Annika and I were talking the other night about careers. A question came into my mind.

“What if love was our career,” I asked? “Our love, our love for Rahi, Rahi’s love for us. The new baby, the love in our family. What if that was what we worked on?

"What if that was the centre of our lives, our biggest priority? What if it was the most important thing in all the decisions we took?”

-

What about money, though? Love is great, but Rahi eats blueberries, and Annika insists they be organic. We can’t pay for that with love.

I am existentially worried about money. I don’t mean by this that we struggle to find enough money to survive. Rather, I mean to describe the feeling and the weight of the worry.

Earning money feels like a matter of life and death to me. I am terrified by the prospect of poverty and my family being on the street; more to the point, the prospect is alive. It feels in my fear like an actual possibility.

Of course, everything is possible. But a sober judge would estimate the probability of poverty striking the Böddeling-Sanklecha empire as vanishingly small and tending to zero (this is what the Gods call hubris, so forgive me, Zeus!).

If we had enough money, I told Annika, I would happily stop working and just devote myself to us, to our love.

-

“Pahóm’s heart kindled with desire. He thought:

‘Why should I suffer in this narrow hole, if one can live so well elsewhere? I will sell my land and my homestead here, and with the money I will start afresh over there and get everything new. In this crowded place one is always having trouble.’”

-

It’s interesting, how without realising or wanting to, I see “work” as something that I have to do and love as something that will fit into the gaps that work leaves open.

The question that I spoke to Anni - more accurately, the question that was spoken through me - keeps coming back.

What if we lived a life around love?

It’s not some Jesus ideal I’m after. I currently have no aspirations to loving everyone. It’s much more modest than that. I’ve got love at home. What a gift! Why don’t I take up the gift and honour it?

-

Some weeks ago, after Rahi had gone to bed, instead of working Annika and I sat around the kitchen table and talked. We talked like we used to in the months in which we fell in love. We were open and present, we shared freely of ourselves and we received generously of the other.

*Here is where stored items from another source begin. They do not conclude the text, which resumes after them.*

(* Fix $m\ge1$ and $\omega\in\mathbb Z\setminus\{0\}$. There exist constants $c_\omega>0$ and $C_{m,\omega}>0$ such that for every smooth closed immersed planar curve $\gamma$ of length $1$ with turning number $\omega$, $$\int_\gamma F_0^2\,ds\ \ge\ c_\omega\,\mathcal P-C_{m,\omega}E_m[\gamma]^2,$$ where $\kappa=2\pi\omega$, $F_0:=(-1)^{m+1}(k_{s^{2m+2}}+\kappa^2k_{s^{2m}})$ and $\mathcal P:=\int_\gamma k_{s^{2m+2}}^2\,ds$.
   Context: $s$ arclength, $k$ signed curvature, $k_{s^j}$ its $j$-th arclength derivative, $E_m[\gamma]=\frac12\int_\gamma k_{s^m}^2ds$, turning number $\frac1{2\pi}\int_\gamma k\,ds$. *)

theory Defs
  imports "HOL-Analysis.Analysis"
begin

text \<open>Planar curves are maps real \<Rightarrow> complex (identifying R^2 with C).
  vd f is the derivative of a real-parametrised curve.\<close>

definition vd :: "(real \<Rightarrow> complex) \<Rightarrow> real \<Rightarrow> complex" where
  "vd f = (\<lambda>t. vector_derivative f (at t))"

definition smooth_curve :: "(real \<Rightarrow> complex) \<Rightarrow> bool" where
  "smooth_curve g \<longleftrightarrow> (\<forall>n t. ((vd ^^ n) g) differentiable (at t))"

text \<open>A smooth closed immersed planar curve of length 1, parametrised by
  arclength s on [0,1] (extended 1-periodically): smooth, 1-periodic, unit speed.\<close>
definition closed_unit_length_curve :: "(real \<Rightarrow> complex) \<Rightarrow> bool" where
  "closed_unit_length_curve g \<longleftrightarrow>
     smooth_curve g \<and> (\<forall>t. g (t + 1) = g t) \<and> (\<forall>t. norm (vd g t) = 1)"

text \<open>Signed curvature k = (x'y'' - y'x'')/|g'|^3 (= Im(conj g' * g'')/|g'|^3).\<close>
definition curvature :: "(real \<Rightarrow> complex) \<Rightarrow> real \<Rightarrow> real" where
  "curvature g t = Im (cnj (vd g t) * vd (vd g) t) / norm (vd g t) ^ 3"

definition kds :: "(real \<Rightarrow> complex) \<Rightarrow> nat \<Rightarrow> real \<Rightarrow> real" where
  "kds g j = (deriv ^^ j) (curvature g)"

definition turning_number :: "(real \<Rightarrow> complex) \<Rightarrow> real" where
  "turning_number g = integral {0..1} (curvature g) / (2 * pi)"

definition energy :: "nat \<Rightarrow> (real \<Rightarrow> complex) \<Rightarrow> real" where
  "energy m g = integral {0..1} (\<lambda>s. (kds g m s)^2) / 2"

end

theory Submission
  imports Defs "HOL-Probability.Characteristic_Functions"
begin
(* Let $L$ be a 3-dimensional real connected Lie group with the left-invariant almost paracontact metric structure $(\varphi,\xi,\eta,g)$ described in the context, and write $[E_i,E_j]=\sum_k C_{ij}^kE_k$. Then: (1) $L\in\mathbb G_5$ if and only if $[E_1,E_2]=C_{12}^1E_1+C_{12}^2E_2+C_{12}^3E_3$, $[E_1,E_3]=C_{13}^2E_2$, $[E_2,E_3]=C_{13}^2E_1$, with $C_{12}^3\neq0$ (then $\theta_F(\xi)=C_{12}^3$), $C_{12}^1C_{13}^2=0$, $C_{12}^2C_{13}^2=0$; (2) $L\in\mathbb G_6$ if and only if $[E_1,E_2]=C_{12}^1E_1+C_{12}^2E_2$, $[E_1,E_3]=C_{13}^1E_1+C_{13}^2E_2$, $[E_2,E_3]=C_{13}^2E_1+C_{13}^1E_2$, with $C_{13}^1\neq0$ (then $\theta^*_F(\xi)=-2C_{13}^1$), $C_{12}^2C_{13}^2-C_{13}^1C_{12}^1=0$, $C_{12}^1C_{13}^2-C_{13}^1C_{12}^2=0$; (3) $L\in\mathbb G_{10}$ if and only if $[E_1,E_2]=C_{12}^1E_1+C_{12}^2E_2$, $[E_1,E_3]=C_{13}^1E_1+C_{13}^2E_2$, $[E_2,E_3]=C_{23}^1E_1-C_{13}^1E_2$, with ($C_{13}^2\neq C_{23}^1$ or $C_{13}^1\neq0$), $C_{12}^1C_{13}^1+C_{12}^2C_{23}^1=0$, $C_{12}^1C_{13}^2-C_{12}^2C_{13}^1=0$; (4) $L\in\mathbb G_{12}$ if and only if $[E_1,E_2]=C_{12}^1E_1+C_{12}^2E_2$, $[E_1,E_3]=C_{13}^2E_2+C_{13}^3E_3$, $[E_2,E_3]=C_{13}^2E_1+C_{23}^3E_3$, with ($C_{13}^3\neq0$ or $C_{23}^3\neq0$), $(C_{12}^1-C_{23}^3)C_{13}^2=0$, $(C_{12}^2+C_{13}^3)C_{13}^2=0$, $(C_{12}^1-C_{23}^3)C_{13}^3+(C_{12}^2+C_{13}^3)C_{23}^3=0$.
   Context: $L$ is a 3-dimensional real connected Lie group with a basis $E_1,E_2,E_3$ of left-invariant vector fields; the structure constants $C_{ij}^k=-C_{ji}^k$ are real. The left-invariant structure is $\varphi E_1=E_2$, $\varphi E_2=E_1$, $\varphi E_3=0$, $\xi=E_3$, $\eta(E_3)=1$, $\eta(E_1)=\eta(E_2)=0$, $g(E_1,E_1)=g(E_3,E_3)=1$, $g(E_2,E_2)=-1$, $g(E_i,E_j)=0$ for $i\neq j$; this is an almost paracontact metric structure ($\varphi^2=\mathrm{id}-\eta\otimes\xi$, $\eta(\xi)=1$, $\varphi\xi=0$, $g(\varphi x,\varphi y)=-g(x,y)+\eta(x)\eta(y)$). The structure tensor is $F(x,y,z)=g((\nabla_x\varphi)y,z)$ with $\nabla$ the Levi-Civita connection of $g$; $\theta_F(x)=\sum_{i,j=1}^{2}g^{ij}F(E_i,E_j,x)$, $\theta^*_F(x)=\sum_{i,j=1}^{2}g^{ij}F(E_i,\varphi E_j,x)$ with $(g^{ij})=\mathrm{diag}(1,-1)$. Classes (conditions for all $x,y,z$, with $n=1$): $\mathbb G_5$: $F(x,y,z)=\frac{\theta_F(\xi)}{2}\{\eta(y)g(\varphi x,\varphi z)-\eta(z)g(\varphi x,\varphi y)\}$; $\mathbb G_6$: $F(x,y,z)=-\frac{\theta^*_F(\xi)}{2}\{\eta(y)g(x,\varphi z)-\eta(z)g(x,\varphi y)\}$; $\mathbb G_{10}$: $F(x,y,z)=-\eta(y)F(x,z,\xi)+\eta(z)F(x,y,\xi)$ and $F(x,y,\xi)=F(y,x,\xi)=F(\varphi x,\varphi y,\xi)$; $\mathbb G_{12}$: $F(x,y,z)=\eta(x)\{\eta(y)F(\xi,\xi,z)-\eta(z)F(\xi,\xi,y)\}$. "$L\in\mathbb G_i$" means that the structure tensor lies in $\mathbb G_i$ at every point and is not identically zero. *)

theory Defs
  imports Complex_Main
begin
(* Let $M,N$ be equivalent canonical dtlas such that $M$ is a dtpla and $N$ is a dtop, and let $\varphi$ be the aheadness mapping from $N$ to $M$. Then (1) $A_N\Phi=\sqcap\{A_M(p)\Omega\mid p\in P_M\}$, and (2) for every $v\in\mathbb N_+^*$, $q\in Q_N$ and $p\in P_M$: if $A_N/v=q(x_0)$ then $\varphi(q,p)=A_M(p)\Omega/v$.
   Context: Trees and patterns. $T_\Delta(Z)$ is the set of trees over ranked alphabet $\Delta$ with extra nullary symbols $Z$; $t/v$ is the subtree at node $v\in\mathbb N_+^*$; $\bot$ is a special nullary symbol. $\sqcap T$ is the greatest lower bound of a finite nonempty set $T$ of trees w.r.t. the order $t\sqsubseteq t'$ ($t'$ obtained from $t$ by replacing occurrences of $\bot$ by trees): the largest common prefix with $\bot$ at the highest nodes of disagreement. A $\Sigma$-context is $C\in T_\Sigma(\{\bot\})$ with exactly one $\bot$; $\mathcal C_\Sigma$ is their set. $Q(Y)=\{q(y)\mid q\in Q,y\in Y\}$, $X=\{x_0,x_1,\dots\}$, $X_k=\{x_1,\dots,x_k\}$. Dtlas. A dtla $M$ from $\Sigma$ to $\Delta$ consists of a finite set $Q_M$ of states, a total deterministic bottom-up tree automaton with finite state set $P_M$ and transitions $\delta(a,p_1,\dots,p_k)$, extended to $\delta_M:T_\Sigma\to P_M$ ($[\![p]\!]_M=\delta_M^{-1}(p)$), axioms $A_M(p)\in T_\Delta(Q_M(\{x_0\}))$, and at most one rule $q(a(x_1\langle p_1\rangle,\dots,x_k\langle p_k\rangle))\to\mathrm{rhs}_M(q,a,p_1,\dots,p_k)\in T_\Delta(Q_M(X_k))$ per $q,a,p_1,\dots,p_k$. Semantics: $q_M(a(s_1,\dots,s_k))=\mathrm{rhs}_M(q,a,\delta_M(s_1),\dots,\delta_M(s_k))[q'(x_i)\leftarrow q'_M(s_i)]$, $M(s)=A_M(\delta_M(s))[q(x_0)\leftarrow q_M(s)]$; equivalent means equal translations. A dtop is a dtla with a single look-ahead state $\bot$; for a dtop $N$ its unique axiom is $A_N\in T_\Delta(Q_N(\{x_0\}))$. A dtpla has $|P_M|\ge2$. $M(C[p])\in T_\Delta(Q_M\times P_M)$ is the output on $C\in\mathcal C_\Sigma$ with the hole treated as a leaf of look-ahead state $p$ and $q_M(p)=\langle q,p\rangle$; $N(C)=N(C[\bot])$. A state $q$ is reachable if $\langle q,p\rangle$ labels a node of $M(C[p])$ for some $C,p$. $M$ is la-uniform if there is $\rho_M:Q_M\to P_M$ with domain of $[\![q]\!]_M$ equal to $[\![\rho_M(q)]\!]_M$, every $q(x_0)$ in $A_M(p)$ having $\rho_M(q)=p$, every $q'(x_i)$ in $\mathrm{rhs}_M(q,a,p_1,\dots,p_k)$ having $\rho_M(q')=p_i$, and the rule for $q,a,p_1,\dots,p_k$ existing iff $\delta(a,p_1,\dots,p_k)=\rho_M(q)$ (for a dtop, $\rho(q)=\bot$). Earliest: no state $q$ and $d\in\Delta$ such that $q(s)$ has root label $d$ for all $s$ in the domain of $[\![q]\!]$. Canonical: total, la-uniform, earliest, all states reachable, distinct states have distinct translations. For $t\in T_\Delta(Q(X))$ of an la-uniform dtla, $t\Omega$ replaces every $q(x_i)$ by the leaf $\langle q,\rho(q)\rangle$ (for a dtop, by $\langle q,\bot\rangle$). For $t\in T_\Delta(Q_N(X))$, $t\Phi$ replaces every $q(x_i)$ by $\bot$. Aheadness mapping: the unique $\varphi:Q_N\times P_M\to T_\Delta(Q_M\times P_M)$ with $M(C[p])=N(C)[\langle q,\bot\rangle\leftarrow\varphi(q,p)\mid q\in Q_N]$ for all $C\in\mathcal C_\Sigma$, $p\in P_M$. *)

theory Defs
  imports Main
begin
lemma not_ramsey_prop_parallel_chains_boolean_lattice:
  assumes "0 < t" and "N < n + k + 2"
  shows "\<not> ramsey_prop (parallel (C (Suc k)) (C t)) (Q n) N"
proof
  let ?blue = "\<lambda>S. card S \<le> k \<or> S = {..<N}"
  let ?B = "{S \<in> Pow {..<N}. ?blue S}" and ?R = "{S \<in> Pow {..<N}. \<not> ?blue S}"
  assume "ramsey_prop (parallel (C (Suc k)) (C t)) (Q n) N"
  then have "has_copy (parallel (C (Suc k)) (C t)) ?B (\<subseteq>) \<or> has_copy (Q n) ?R (\<subseteq>)"
    unfolding ramsey_prop_iff by (rule allE)
  then show False
  proof
    assume "has_copy (parallel (C (Suc k)) (C t)) ?B (\<subseteq>)"
    moreover have "0 \<in> fst (C t)"
      using assms(1) by (simp add: chain_poset_def)
    ultimately obtain z where z: "z \<in> ?B"
      and chain: "has_copy (C (Suc k)) {x \<in> ?B. \<not> x \<subseteq> z \<and> \<not> z \<subseteq> x} (\<subseteq>)"
      by (rule has_copy_parallel_incomparable)
    have "Suc k \<le> card {1..k}"
    proof (rule has_copy_chain_card_le[OF chain])
      show "\<forall>S\<in>{x \<in> ?B. \<not> x \<subseteq> z \<and> \<not> z \<subseteq> x}. finite S \<and> card S \<in> {1..k}"
      proof
        fix S assume S: "S \<in> {x \<in> ?B. \<not> x \<subseteq> z \<and> \<not> z \<subseteq> x}"
        then have "finite S"
          by (auto intro: finite_subset)
        moreover have "S \<noteq> {}" "S \<noteq> {..<N}"
          using S z by auto
        ultimately show "finite S \<and> card S \<in> {1..k}"
          using S by (auto simp: Suc_le_eq card_gt_0_iff)
      qed
    qed simp
    then show False by simp
  next
    assume "has_copy (Q n) ?R (\<subseteq>)"
    then have "Suc n \<le> card {Suc k..<N}"
    proof (rule has_copy_chain_card_le[OF has_copy_boolean_lattice_chain])
      show "\<forall>S\<in>?R. finite S \<and> card S \<in> {Suc k..<N}"
        by (auto intro: finite_subset psubset_card_mono[of "{..<N}", simplified])
    qed simp
    with assms(2) show False by simp
  qed
qed

theorem theorem5:
  fixes n t1 t2 :: nat
  assumes "n \<ge> 1" and "t1 \<ge> 1" and "t2 \<ge> 1" and "t1 \<ge> t2"
  shows "poset_ramsey (C t1) (Q n) = n + t1 - 1
       \<and> poset_ramsey (parallel (C t1) (C t2)) (Q n) = n + t1 + 1"
proof -
  obtain k where t1: "t1 = Suc k"
    using assms(2) by (cases t1) auto
  have "poset_ramsey (C t1) (Q n) = n + k"
    unfolding t1
    by (intro poset_ramsey_eqI ramsey_prop_chain_boolean_lattice not_ramsey_prop_chain_boolean_lattice)
  moreover have "poset_ramsey (parallel (C t1) (C t2)) (Q n) = n + k + 2"
    unfolding t1 using assms(3,4) t1
    by (intro poset_ramsey_eqI ramsey_prop_parallel_chains_boolean_lattice
        not_ramsey_prop_parallel_chains_boolean_lattice) auto
  ultimately show ?thesis
    using t1 by simp
qed

end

In the midst of a sentence I broke off, and just looked at my wife.

I’m sorry, I said. I’d stopped listening. You have really beautiful eyes.

And the thing is - she does! Soft, alive, flashing with love and something else, something indefinable but so clearly recognisable, something that lights up our tiny kitchen with a quiet and still beauty.

Her face scrunched up a little, as it does when she feels shy.

I kept looking. I was unable to stop.

For a moment, I saw Annika again.

For a moment, all the accumulated weight of my life, of our lives together, our duties and our disagreements … all of this went quiet and I was allowed to see my wife again.

She is very beautiful.

-

Would it not be something, to organise my life around the aim of being able to see my wife? The aim of being present to my son?

Would it not be something to organise my life around love? To make love the thing I have to do, and let “work” fit into the gaps around it?

-

“‘Ah, that’s a fine fellow!’ exclaimed the Chief ‘He has gained much land!’

"Pahóm’s servant came running up and tried to raise him, but he saw that blood was flogging from his mouth. Pahóm was dead!

"The Bashkírs clicked their tongues to show their pity.

"His servant picked up the spade and dug a grave long enough for Pahóm to he in, and buried him in it. Six feet from his head to his heels was all he needed.”